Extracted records
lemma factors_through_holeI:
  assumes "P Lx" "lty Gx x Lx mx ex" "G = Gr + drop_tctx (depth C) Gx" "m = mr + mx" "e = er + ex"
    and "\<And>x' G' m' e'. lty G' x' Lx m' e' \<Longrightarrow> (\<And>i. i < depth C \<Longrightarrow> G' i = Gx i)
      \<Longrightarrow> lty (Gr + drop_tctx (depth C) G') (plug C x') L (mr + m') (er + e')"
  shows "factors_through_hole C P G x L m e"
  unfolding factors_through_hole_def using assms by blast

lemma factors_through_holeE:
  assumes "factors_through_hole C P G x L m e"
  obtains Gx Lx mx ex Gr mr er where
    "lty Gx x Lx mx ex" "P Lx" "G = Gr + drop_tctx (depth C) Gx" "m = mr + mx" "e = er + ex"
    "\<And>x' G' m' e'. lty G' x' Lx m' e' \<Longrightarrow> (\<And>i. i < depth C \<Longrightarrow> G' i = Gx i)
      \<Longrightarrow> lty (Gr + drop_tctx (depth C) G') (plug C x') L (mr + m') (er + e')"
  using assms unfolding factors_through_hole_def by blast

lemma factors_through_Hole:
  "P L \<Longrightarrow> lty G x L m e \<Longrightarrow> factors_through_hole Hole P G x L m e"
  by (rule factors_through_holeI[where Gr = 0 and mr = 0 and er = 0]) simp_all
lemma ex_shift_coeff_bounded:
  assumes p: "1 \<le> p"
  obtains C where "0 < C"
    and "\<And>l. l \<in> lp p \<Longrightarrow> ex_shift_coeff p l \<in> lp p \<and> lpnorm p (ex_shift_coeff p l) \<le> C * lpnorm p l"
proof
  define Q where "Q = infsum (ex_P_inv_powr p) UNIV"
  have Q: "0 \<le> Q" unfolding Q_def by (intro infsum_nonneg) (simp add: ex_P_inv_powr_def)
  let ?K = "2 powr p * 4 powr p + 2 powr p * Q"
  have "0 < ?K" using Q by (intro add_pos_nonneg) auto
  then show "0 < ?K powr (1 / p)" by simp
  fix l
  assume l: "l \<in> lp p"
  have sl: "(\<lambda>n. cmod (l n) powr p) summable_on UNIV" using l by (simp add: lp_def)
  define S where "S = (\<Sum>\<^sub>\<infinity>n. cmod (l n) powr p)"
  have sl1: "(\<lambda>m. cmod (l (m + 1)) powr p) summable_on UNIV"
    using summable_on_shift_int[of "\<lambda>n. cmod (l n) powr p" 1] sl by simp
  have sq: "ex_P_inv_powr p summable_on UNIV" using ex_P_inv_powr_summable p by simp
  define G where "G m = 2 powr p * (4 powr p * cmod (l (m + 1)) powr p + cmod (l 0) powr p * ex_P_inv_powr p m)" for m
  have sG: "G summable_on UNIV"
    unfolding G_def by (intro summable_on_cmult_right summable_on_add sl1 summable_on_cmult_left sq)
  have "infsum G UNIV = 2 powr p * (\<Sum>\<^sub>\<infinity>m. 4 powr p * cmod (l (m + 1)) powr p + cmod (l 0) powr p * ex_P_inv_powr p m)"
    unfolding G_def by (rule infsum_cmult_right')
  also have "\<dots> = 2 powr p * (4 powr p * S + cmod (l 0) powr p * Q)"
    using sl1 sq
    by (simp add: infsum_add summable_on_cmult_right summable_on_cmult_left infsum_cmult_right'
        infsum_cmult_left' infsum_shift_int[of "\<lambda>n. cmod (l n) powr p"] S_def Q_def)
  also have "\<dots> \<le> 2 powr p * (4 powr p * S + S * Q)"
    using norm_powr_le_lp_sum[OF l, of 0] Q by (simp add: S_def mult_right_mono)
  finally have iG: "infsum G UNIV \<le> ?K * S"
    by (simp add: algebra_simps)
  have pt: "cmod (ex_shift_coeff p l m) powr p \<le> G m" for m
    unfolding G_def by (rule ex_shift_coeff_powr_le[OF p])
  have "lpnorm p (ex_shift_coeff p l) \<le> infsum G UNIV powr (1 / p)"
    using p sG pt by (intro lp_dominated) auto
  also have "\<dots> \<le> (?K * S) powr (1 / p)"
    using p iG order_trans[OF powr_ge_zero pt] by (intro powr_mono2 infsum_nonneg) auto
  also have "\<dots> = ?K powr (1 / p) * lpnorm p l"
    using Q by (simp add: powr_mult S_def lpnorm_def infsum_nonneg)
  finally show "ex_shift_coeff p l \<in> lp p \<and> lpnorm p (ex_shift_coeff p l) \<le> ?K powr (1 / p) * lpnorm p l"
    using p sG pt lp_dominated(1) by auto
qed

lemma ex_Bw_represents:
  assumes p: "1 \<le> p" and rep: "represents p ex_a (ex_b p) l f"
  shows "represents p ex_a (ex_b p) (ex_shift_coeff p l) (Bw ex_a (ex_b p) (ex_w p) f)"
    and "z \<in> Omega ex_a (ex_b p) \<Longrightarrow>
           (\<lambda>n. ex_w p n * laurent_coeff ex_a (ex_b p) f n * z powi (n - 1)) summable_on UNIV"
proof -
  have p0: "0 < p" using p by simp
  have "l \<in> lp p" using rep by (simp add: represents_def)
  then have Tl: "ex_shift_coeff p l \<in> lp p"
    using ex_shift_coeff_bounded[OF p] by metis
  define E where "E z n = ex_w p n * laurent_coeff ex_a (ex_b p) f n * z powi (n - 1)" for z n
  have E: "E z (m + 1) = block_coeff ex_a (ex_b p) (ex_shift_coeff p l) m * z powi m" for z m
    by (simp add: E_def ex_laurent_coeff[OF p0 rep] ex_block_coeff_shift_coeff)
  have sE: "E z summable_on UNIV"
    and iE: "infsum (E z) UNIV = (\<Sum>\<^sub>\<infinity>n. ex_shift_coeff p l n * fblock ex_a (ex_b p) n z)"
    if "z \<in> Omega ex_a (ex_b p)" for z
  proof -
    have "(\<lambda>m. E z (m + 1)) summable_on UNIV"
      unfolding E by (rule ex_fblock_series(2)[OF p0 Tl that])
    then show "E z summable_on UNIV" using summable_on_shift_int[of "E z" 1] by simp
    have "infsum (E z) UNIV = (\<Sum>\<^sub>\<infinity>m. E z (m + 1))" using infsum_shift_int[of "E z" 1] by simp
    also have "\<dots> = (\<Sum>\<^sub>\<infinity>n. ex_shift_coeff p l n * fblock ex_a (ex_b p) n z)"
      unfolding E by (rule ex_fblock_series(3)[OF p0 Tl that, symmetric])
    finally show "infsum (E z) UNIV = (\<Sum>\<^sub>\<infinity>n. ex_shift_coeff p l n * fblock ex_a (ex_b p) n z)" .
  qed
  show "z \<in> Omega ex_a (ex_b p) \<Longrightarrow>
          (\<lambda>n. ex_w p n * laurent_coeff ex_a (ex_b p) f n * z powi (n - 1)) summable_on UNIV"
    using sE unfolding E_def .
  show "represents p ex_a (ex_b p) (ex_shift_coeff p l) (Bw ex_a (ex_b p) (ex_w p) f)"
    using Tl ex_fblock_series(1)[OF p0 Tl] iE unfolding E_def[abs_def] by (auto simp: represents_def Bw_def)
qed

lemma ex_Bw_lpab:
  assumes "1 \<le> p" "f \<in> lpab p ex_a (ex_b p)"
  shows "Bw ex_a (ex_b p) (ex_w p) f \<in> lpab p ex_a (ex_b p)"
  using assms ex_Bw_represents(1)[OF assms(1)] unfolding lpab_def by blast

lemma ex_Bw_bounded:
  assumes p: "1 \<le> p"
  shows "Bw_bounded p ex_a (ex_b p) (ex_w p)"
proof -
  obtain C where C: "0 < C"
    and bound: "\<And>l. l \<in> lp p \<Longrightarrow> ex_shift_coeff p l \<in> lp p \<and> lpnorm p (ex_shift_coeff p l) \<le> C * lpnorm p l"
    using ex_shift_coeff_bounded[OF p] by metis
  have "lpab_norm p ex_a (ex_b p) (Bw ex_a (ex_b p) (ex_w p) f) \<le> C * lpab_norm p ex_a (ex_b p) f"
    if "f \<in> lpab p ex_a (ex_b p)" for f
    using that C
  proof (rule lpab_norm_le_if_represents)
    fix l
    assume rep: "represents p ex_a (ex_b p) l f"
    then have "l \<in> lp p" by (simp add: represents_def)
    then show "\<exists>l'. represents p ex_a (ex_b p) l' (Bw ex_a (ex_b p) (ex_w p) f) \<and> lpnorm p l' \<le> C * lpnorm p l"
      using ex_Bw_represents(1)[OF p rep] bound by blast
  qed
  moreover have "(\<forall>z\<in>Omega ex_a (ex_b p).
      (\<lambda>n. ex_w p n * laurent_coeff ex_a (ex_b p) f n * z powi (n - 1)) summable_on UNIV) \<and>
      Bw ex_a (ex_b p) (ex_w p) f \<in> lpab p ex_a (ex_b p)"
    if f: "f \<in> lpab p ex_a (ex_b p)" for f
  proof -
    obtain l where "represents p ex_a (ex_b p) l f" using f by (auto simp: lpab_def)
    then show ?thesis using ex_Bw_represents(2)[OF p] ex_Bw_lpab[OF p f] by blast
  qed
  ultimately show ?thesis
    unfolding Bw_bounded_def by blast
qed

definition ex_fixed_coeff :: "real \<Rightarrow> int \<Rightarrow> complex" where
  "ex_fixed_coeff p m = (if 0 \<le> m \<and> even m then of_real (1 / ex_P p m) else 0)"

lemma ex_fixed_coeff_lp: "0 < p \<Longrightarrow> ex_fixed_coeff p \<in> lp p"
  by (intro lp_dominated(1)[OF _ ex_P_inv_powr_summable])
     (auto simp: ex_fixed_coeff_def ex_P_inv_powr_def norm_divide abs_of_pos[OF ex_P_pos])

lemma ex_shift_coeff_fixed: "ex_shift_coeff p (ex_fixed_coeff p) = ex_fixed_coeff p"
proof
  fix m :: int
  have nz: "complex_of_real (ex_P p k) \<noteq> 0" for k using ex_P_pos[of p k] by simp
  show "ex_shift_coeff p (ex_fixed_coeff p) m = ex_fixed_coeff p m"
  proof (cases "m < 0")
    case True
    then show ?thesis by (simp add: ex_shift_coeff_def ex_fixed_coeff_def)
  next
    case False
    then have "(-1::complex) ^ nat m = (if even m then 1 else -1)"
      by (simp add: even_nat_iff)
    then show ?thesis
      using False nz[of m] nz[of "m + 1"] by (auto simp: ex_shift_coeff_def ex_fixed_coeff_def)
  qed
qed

--

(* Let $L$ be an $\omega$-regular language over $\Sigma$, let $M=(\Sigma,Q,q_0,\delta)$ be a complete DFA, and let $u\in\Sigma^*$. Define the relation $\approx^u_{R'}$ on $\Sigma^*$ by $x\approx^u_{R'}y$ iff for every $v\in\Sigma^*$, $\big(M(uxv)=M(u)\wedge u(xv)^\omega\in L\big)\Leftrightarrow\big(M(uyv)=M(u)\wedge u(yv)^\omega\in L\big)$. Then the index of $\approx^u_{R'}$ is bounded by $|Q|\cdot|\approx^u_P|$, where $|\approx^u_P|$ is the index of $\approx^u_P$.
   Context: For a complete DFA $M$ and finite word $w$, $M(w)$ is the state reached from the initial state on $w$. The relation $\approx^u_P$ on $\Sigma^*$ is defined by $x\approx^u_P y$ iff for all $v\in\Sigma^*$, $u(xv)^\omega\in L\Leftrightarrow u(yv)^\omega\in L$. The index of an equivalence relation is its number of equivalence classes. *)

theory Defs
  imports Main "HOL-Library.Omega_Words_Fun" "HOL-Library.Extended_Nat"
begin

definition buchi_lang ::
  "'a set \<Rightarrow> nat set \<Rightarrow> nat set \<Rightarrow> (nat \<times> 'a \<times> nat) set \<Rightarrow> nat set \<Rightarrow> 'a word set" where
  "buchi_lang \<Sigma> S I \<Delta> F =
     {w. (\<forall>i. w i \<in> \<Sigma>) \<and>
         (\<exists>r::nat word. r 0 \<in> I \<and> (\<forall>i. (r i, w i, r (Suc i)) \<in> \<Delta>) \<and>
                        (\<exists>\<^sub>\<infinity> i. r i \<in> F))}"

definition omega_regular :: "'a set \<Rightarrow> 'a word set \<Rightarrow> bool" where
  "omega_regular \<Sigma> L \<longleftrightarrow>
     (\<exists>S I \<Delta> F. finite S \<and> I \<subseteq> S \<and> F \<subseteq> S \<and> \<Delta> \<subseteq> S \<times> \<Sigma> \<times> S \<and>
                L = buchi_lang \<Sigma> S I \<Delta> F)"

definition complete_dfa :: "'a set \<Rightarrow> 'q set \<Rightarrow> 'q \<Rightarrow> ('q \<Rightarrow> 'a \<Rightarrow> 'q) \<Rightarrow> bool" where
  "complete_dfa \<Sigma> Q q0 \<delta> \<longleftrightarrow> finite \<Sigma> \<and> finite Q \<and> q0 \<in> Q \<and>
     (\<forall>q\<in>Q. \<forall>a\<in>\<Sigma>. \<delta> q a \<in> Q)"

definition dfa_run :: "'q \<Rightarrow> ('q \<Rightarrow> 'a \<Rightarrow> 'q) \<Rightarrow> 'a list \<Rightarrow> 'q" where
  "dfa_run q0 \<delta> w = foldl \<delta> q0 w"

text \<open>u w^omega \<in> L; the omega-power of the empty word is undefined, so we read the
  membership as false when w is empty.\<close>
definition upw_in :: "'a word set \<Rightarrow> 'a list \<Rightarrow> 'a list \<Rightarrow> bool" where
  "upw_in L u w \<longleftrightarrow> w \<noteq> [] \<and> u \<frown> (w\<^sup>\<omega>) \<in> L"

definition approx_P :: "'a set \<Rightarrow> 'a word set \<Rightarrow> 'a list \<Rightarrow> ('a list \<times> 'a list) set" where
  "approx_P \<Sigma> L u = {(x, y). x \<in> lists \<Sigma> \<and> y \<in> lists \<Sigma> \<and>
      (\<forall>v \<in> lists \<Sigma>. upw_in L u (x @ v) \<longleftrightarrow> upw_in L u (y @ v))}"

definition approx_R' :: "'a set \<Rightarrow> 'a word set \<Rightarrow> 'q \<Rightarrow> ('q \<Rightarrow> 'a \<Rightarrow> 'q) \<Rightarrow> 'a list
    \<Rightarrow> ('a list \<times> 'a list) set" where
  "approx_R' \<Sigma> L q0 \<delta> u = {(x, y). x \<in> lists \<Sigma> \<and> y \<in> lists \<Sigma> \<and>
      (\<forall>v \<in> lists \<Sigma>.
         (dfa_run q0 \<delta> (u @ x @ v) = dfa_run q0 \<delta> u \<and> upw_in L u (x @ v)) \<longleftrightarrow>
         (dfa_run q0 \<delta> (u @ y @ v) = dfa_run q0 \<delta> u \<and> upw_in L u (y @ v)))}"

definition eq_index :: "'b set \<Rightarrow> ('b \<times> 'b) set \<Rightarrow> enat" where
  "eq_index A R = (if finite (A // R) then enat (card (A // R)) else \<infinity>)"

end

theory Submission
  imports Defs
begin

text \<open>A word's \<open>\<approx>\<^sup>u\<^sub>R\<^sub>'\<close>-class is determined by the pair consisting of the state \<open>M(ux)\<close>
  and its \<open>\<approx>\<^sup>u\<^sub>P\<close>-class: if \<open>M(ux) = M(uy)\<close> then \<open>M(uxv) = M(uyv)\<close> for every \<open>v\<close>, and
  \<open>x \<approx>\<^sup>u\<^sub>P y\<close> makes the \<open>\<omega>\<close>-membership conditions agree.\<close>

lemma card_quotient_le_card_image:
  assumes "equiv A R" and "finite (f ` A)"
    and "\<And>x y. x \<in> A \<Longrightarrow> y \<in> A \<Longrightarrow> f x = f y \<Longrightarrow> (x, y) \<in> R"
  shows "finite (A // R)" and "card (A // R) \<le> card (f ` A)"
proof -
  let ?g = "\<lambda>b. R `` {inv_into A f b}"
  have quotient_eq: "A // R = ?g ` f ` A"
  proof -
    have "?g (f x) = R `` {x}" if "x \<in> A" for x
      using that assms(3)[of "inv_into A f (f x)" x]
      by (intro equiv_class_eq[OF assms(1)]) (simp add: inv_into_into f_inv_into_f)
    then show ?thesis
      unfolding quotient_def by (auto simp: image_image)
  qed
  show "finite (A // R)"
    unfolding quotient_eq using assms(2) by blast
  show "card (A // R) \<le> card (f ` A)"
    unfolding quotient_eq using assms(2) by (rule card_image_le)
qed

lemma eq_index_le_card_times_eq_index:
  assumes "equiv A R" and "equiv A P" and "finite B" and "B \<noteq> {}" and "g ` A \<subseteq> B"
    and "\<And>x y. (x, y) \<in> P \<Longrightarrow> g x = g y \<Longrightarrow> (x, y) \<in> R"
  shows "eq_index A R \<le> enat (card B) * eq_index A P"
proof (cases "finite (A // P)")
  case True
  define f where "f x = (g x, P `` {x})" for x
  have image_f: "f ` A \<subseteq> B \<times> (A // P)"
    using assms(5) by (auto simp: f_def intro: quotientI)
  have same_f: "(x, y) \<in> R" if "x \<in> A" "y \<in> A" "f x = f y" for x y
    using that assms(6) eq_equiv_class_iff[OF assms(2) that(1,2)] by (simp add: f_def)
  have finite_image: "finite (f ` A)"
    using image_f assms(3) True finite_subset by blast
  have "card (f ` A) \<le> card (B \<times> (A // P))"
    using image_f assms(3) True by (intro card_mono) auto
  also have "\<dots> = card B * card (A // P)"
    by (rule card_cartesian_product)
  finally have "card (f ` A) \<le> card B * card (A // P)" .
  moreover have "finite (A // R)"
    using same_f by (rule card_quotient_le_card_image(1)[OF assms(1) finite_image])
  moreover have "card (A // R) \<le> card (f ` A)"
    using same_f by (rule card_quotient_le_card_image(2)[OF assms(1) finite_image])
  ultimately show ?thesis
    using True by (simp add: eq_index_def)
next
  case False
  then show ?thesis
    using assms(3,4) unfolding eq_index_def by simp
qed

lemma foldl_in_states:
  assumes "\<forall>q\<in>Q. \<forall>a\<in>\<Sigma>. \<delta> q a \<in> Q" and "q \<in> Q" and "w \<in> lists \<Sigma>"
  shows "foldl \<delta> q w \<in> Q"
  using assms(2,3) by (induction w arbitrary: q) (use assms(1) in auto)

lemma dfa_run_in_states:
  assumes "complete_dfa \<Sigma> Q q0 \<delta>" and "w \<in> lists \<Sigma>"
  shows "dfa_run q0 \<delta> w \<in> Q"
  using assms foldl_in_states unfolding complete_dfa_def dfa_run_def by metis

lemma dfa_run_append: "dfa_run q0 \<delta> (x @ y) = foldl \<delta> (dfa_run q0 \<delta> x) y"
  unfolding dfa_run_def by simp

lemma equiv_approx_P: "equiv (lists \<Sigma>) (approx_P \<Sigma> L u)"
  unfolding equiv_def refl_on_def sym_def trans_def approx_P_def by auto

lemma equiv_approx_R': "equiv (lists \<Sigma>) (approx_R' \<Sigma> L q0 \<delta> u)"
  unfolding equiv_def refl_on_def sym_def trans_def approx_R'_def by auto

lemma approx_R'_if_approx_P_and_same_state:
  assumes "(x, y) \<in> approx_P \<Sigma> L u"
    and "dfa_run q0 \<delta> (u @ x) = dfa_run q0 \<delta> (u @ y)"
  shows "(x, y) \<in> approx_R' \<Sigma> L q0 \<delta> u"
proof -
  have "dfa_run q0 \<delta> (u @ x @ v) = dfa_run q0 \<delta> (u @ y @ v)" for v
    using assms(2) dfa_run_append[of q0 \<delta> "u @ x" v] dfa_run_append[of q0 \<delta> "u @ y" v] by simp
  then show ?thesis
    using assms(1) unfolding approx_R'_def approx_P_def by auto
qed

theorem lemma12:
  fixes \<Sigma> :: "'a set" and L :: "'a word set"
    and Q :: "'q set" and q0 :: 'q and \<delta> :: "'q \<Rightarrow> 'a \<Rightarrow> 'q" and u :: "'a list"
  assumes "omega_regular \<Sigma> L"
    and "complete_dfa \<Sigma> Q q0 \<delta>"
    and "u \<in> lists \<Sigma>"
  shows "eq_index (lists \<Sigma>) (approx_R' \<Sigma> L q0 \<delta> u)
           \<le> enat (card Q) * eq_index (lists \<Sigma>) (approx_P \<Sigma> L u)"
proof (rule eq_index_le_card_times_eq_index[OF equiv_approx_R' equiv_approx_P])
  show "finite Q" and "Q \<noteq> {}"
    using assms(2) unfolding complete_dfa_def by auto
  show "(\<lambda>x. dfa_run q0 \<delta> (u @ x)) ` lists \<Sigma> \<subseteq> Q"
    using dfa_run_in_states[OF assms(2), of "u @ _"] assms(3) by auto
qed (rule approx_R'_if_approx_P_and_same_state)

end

---

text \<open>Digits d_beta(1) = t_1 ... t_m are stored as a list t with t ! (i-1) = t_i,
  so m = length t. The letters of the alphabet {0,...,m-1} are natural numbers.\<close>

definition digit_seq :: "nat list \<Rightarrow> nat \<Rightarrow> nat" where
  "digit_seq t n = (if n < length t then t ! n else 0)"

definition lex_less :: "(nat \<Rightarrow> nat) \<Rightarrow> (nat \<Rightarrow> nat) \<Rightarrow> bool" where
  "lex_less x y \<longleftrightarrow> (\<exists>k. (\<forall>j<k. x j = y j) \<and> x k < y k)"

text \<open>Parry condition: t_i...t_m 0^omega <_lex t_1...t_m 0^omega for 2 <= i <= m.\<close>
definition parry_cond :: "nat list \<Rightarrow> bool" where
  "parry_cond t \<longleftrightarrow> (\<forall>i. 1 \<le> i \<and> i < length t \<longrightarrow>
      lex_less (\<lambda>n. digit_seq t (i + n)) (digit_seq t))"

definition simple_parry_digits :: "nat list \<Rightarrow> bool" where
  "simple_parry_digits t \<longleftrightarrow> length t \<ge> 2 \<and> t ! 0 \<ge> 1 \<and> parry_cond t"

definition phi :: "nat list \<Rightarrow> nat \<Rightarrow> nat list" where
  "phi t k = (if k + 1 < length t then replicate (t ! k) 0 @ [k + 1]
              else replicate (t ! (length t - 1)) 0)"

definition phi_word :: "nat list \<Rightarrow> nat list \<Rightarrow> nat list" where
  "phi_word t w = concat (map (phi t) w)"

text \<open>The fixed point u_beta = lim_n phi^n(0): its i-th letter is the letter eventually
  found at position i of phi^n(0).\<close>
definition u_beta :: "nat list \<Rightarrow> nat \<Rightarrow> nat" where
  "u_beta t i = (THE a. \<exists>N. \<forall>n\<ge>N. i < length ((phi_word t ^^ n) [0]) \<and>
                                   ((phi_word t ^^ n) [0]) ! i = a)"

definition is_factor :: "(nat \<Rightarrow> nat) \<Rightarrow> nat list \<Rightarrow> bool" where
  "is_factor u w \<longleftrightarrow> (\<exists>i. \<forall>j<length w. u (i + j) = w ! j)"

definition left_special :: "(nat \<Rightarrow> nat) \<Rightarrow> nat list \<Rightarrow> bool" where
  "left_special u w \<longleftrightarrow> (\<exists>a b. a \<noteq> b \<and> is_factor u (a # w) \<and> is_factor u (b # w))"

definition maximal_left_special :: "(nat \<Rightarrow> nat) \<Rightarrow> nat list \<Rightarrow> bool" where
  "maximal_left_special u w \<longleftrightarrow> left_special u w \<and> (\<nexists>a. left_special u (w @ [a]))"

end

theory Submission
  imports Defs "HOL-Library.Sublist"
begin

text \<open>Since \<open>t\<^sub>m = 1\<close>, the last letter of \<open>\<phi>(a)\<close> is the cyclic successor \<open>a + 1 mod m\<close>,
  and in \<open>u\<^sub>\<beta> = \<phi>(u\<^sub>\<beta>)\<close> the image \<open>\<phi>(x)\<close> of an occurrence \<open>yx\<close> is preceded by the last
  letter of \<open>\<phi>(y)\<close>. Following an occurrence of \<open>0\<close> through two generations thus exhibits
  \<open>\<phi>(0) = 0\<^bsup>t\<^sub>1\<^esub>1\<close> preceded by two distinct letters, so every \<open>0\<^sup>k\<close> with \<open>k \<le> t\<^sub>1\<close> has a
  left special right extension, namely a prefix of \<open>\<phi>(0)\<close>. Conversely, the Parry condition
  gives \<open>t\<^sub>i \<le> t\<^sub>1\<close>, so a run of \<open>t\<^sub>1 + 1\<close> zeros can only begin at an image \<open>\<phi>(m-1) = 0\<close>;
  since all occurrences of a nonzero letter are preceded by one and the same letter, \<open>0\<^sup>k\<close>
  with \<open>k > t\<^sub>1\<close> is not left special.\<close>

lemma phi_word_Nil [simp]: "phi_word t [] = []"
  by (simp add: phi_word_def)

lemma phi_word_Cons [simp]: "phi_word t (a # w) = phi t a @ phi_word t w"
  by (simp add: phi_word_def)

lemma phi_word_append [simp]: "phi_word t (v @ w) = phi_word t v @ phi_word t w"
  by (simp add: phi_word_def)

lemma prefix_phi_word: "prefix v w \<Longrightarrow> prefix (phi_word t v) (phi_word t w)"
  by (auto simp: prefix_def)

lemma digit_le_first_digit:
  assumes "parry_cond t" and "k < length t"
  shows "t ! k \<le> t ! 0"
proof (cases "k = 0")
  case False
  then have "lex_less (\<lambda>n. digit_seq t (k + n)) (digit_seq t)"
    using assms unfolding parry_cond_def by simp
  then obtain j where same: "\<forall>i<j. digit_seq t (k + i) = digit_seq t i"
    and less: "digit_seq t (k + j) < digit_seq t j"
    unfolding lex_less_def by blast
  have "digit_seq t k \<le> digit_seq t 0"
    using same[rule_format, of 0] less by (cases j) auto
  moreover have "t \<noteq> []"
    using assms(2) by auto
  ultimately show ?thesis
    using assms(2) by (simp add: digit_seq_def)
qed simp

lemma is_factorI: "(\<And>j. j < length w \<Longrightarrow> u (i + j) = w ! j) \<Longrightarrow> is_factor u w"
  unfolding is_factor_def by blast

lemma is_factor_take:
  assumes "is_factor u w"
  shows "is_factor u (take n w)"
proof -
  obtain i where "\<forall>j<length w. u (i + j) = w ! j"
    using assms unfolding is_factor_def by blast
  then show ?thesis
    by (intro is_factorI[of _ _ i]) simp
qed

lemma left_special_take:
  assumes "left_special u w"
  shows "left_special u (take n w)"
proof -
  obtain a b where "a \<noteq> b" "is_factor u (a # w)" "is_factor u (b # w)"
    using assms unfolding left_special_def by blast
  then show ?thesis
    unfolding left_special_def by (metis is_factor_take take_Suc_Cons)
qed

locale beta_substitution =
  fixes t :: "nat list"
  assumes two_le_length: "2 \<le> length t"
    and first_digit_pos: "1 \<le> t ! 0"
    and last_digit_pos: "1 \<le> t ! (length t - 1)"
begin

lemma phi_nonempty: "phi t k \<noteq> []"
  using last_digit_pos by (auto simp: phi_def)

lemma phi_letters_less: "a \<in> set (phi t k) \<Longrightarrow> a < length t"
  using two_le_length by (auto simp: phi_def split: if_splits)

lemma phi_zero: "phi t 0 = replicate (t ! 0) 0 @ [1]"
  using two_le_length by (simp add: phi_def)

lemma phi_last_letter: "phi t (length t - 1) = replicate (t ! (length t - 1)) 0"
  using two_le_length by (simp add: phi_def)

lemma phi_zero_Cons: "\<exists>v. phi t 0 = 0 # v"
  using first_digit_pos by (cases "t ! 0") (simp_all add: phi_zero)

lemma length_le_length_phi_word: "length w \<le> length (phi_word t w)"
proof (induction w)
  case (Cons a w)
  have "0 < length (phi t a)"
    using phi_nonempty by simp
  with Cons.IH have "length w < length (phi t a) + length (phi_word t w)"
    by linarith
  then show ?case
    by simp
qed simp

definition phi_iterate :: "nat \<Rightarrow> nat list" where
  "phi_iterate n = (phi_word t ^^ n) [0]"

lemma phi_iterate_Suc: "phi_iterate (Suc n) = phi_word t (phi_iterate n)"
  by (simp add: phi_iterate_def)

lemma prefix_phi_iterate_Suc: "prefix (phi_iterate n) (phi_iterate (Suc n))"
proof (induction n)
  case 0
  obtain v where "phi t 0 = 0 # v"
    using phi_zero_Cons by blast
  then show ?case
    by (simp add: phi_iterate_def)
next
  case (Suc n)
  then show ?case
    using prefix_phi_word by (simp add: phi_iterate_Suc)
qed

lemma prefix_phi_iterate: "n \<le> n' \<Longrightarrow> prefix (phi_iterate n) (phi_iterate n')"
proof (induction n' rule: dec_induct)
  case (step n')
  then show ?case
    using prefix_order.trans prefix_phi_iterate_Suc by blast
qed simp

> [Goal of the exercise] The number of lines above containing the word "else" is all that should be returned.

> [Written response] 5